Thermal Dryer for Plastic Recycling: When You Need One and How to Size It

A thermal dryer for plastic recycling is the hot-air stage that evaporates the residual surface moisture a mechanical dryer physically cannot remove — taking washed flakes from the 1–2 % that a centrifugal dryer leaves down to the sub-0.5 % that food-grade and extrusion-grade output demands. The two questions buyers get wrong are whether they need one at all, and how to size it. Most quotes are written against a single kilowatt or kg/h number with no reference to the buyer’s actual moisture gap. This guide fixes both: how to decide if a thermal dryer belongs on your line, and how to size it from your real inlet moisture, throughput, and final-moisture target.

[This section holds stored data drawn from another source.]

(* Let $n\ge 4$ and let $G$ be a graph on vertex set $[n]$ with $e(G)>\binom{n-1}{2}+1$ or $\rho(G)>n-2$. For $2\le j\le\lceil n/2\rceil$ let $e_j=\{j,n+2-j\}$, and for $1\le k\le\lfloor n/2\rfloor$ let $e'_k=\{k,n+1-k\}$. Then (i) $\{e_3,\ldots,e_{\lceil n/2\rceil}\}\subseteq E(\mathcal{K}(G))$, and (ii) $\{e'_1,\ldots,e'_{\lfloor n/2\rfloor}\}\subseteq E(\mathcal{K}(G))$.
   Context: $e(G)$ is the number of edges and $\rho(G)$ the adjacency spectral radius of $G$. Kelmans transformation: for vertices $x,y$, $\mathcal{K}_{xy}(G)$ is obtained from $G$ by deleting all edges between $y$ and $N_G(y)\setminus(N_G(x)\cup\{x\})$ and adding all edges between $x$ and $N_G(y)\setminus(N_G(x)\cup\{x\})$. For $G$ on $[n]$, $\mathcal{K}(G)$ denotes the graph obtained by repeatedly applying $\mathcal{K}_{xy}$ for pairs $x<y$ until the graph is invariant under all $\mathcal{K}_{xy}$ with $x<y$ (the result is independent of the order of transformations). *)

theory Defs
  imports Main "Jordan_Normal_Form.Spectral_Radius"
begin

definition is_graph_on :: "nat \<Rightarrow> nat set set \<Rightarrow> bool" where
  "is_graph_on n E \<longleftrightarrow> (\<forall>e\<in>E. e \<subseteq> {1..n} \<and> card e = 2)"

definition nbhd :: "nat set set \<Rightarrow> nat \<Rightarrow> nat set" where
  "nbhd E v = {u. {u, v} \<in> E}"

definition kelmans :: "nat \<Rightarrow> nat \<Rightarrow> nat set set \<Rightarrow> nat set set" where
  "kelmans x y E =
     (let D = nbhd E y - (nbhd E x \<union> {x})
      in (E - {{y, z} | z. z \<in> D}) \<union> {{x, z} | z. z \<in> D})"

definition kelmans_step :: "nat \<Rightarrow> nat set set \<Rightarrow> nat set set \<Rightarrow> bool" where
  "kelmans_step n E E' \<longleftrightarrow> (\<exists>x y. 1 \<le> x \<and> x < y \<and> y \<le> n \<and> E' = kelmans x y E)"
lemma guarded_neighbour_unique:
  assumes "E r x" and "\<not> E x c"
    and "E x y\<^sub>1" "y\<^sub>1 \<noteq> r" "sq_minus V E c y\<^sub>1"
    and "E x y\<^sub>2" "y\<^sub>2 \<noteq> r" "sq_minus V E c y\<^sub>2"
  shows "y\<^sub>1 = y\<^sub>2"
proof -
  have walk: "\<exists>w. successively E [r, x, y, w, c] \<and> non_backtracking [r, x, y, w, c]"
    if y: "E x y" "y \<noteq> r" "sq_minus V E c y" for y
  proof -
    obtain w where "c \<noteq> y" "E c w" "E w y" using y(3) unfolding sq_minus_iff by blast
    moreover have "w \<noteq> x" using assms(2) edge_sym[OF \<open>E c w\<close>] by blast
    ultimately show ?thesis
      using assms(1) y(1,2) edge_sym[OF \<open>E c w\<close>] edge_sym[OF \<open>E w y\<close>]
      by (intro exI[of _ w]) simp
  qed
  obtain w\<^sub>1 where w\<^sub>1: "successively E [r, x, y\<^sub>1, w\<^sub>1, c]" "non_backtracking [r, x, y\<^sub>1, w\<^sub>1, c]"
    using walk assms(3-5) by blast
  obtain w\<^sub>2 where w\<^sub>2: "successively E [r, x, y\<^sub>2, w\<^sub>2, c]" "non_backtracking [r, x, y\<^sub>2, w\<^sub>2, c]"
    using walk assms(6-8) by blast
  have "[r, x, y\<^sub>1, w\<^sub>1, c] = [r, x, y\<^sub>2, w\<^sub>2, c]"
    by (rule non_backtracking_walks_unique[OF w\<^sub>1(1) w\<^sub>2(1) w\<^sub>1(2) w\<^sub>2(2)]) simp_all
  then show ?thesis by simp
qed
(* Let $M$ and $M'$ be two stable matchings in an instance $I$ of SPA-S, and let $M^\lor$ be the assignment defined from $M,M'$ in the context. If a project $p_j$ is undersubscribed in $M^\lor$, then $p_j$ is undersubscribed in at least one of $M$ and $M'$.
   Context: An instance $I$ of SPA-S consists of a finite set $\mathcal{S}$ of students, a finite set $\mathcal{P}$ of projects and a finite set $\mathcal{L}$ of lecturers. Each student $s_i$ ranks a subset $A_i\subseteq\mathcal{P}$ (its acceptable projects) in strict order. Each project is offered by exactly one lecturer; lecturer $l_k$ offers a nonempty set $P_k\subseteq\mathcal{P}$, the $P_k$ partitioning $\mathcal{P}$. Each lecturer $l_k$ ranks in strict order the students who find at least one project of $P_k$ acceptable. Projects have capacities $c_j\in\mathbb{Z}^+$, lecturers have capacities $d_k\in\mathbb{Z}^+$ with $\max\{c_j:p_j\in P_k\}\le d_k\le\sum\{c_j:p_j\in P_k\}$. A pair $(s_i,p_j)$, $p_j$ offered by $l_k$, is acceptable if $p_j\in A_i$ and $s_i$ is on $l_k$'s list. A matching $M$ is a set of acceptable pairs with each student in at most one pair, $|M(p_j)|\le c_j$, $|M(l_k)|\le d_k$, where for an assignment $M$ (a set of acceptable pairs), $M(s_i)$, $M(p_j)$, $M(l_k)$ denote the project of $s_i$, the students assigned to $p_j$, and the students assigned to projects of $l_k$. Undersubscribed/full means fewer than/exactly capacity many assigned students. An acceptable pair $(s_i,p_j)\notin M$ ($p_j$ offered by $l_k$) blocks $M$ if ($s_i$ is unassigned or prefers $p_j$ to $M(s_i)$) and one of: (P1) $p_j$ and $l_k$ undersubscribed; (P2) $p_j$ undersubscribed, $l_k$ full, $s_i\in M(l_k)$; (P3) $p_j$ undersubscribed, $l_k$ full, $l_k$ prefers $s_i$ to the worst student of $M(l_k)$; (P4) $p_j$ full and $l_k$ prefers $s_i$ to the worst student of $M(p_j)$. $M$ is stable if it has no blocking pair. Given stable matchings $M,M'$, $M^\lor$ is the assignment in which each student unassigned in both $M$ and $M'$ is unassigned, each student assigned to the same project in both is assigned to that project, and every other student is assigned to the worse (in her preference) of her projects in $M$ and $M'$. *)

theory Defs
  imports Main
begin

Do You Actually Need a Thermal Dryer?

You need a thermal dryer when your final-moisture target sits below the floor that mechanical dewatering can reach — and not before. A centrifugal dryer removes free and surface water mechanically; it bottoms out around 1–2 % on rigid flake. If your process is fine at that level, a thermal dryer adds capital cost and roughly triples your drying energy for moisture reduction you do not need.

Add a thermal dryer if any of these apply:

Food-grade rPET — bottle-to-bottle and sheet lines need flakes below 0.5 % moisture going into extrusion or solid-state polycondensation, because residual water drives hydrolytic IV loss in the melt.
Fine-gauge or moisture-sensitive extrusion — when splay, voids, foaming, or unstable melt pressure trace back to inlet moisture you cannot tune out at the extruder.
High-spec dry flake sold as feedstock — buyers who write a guaranteed moisture ceiling into the purchase spec.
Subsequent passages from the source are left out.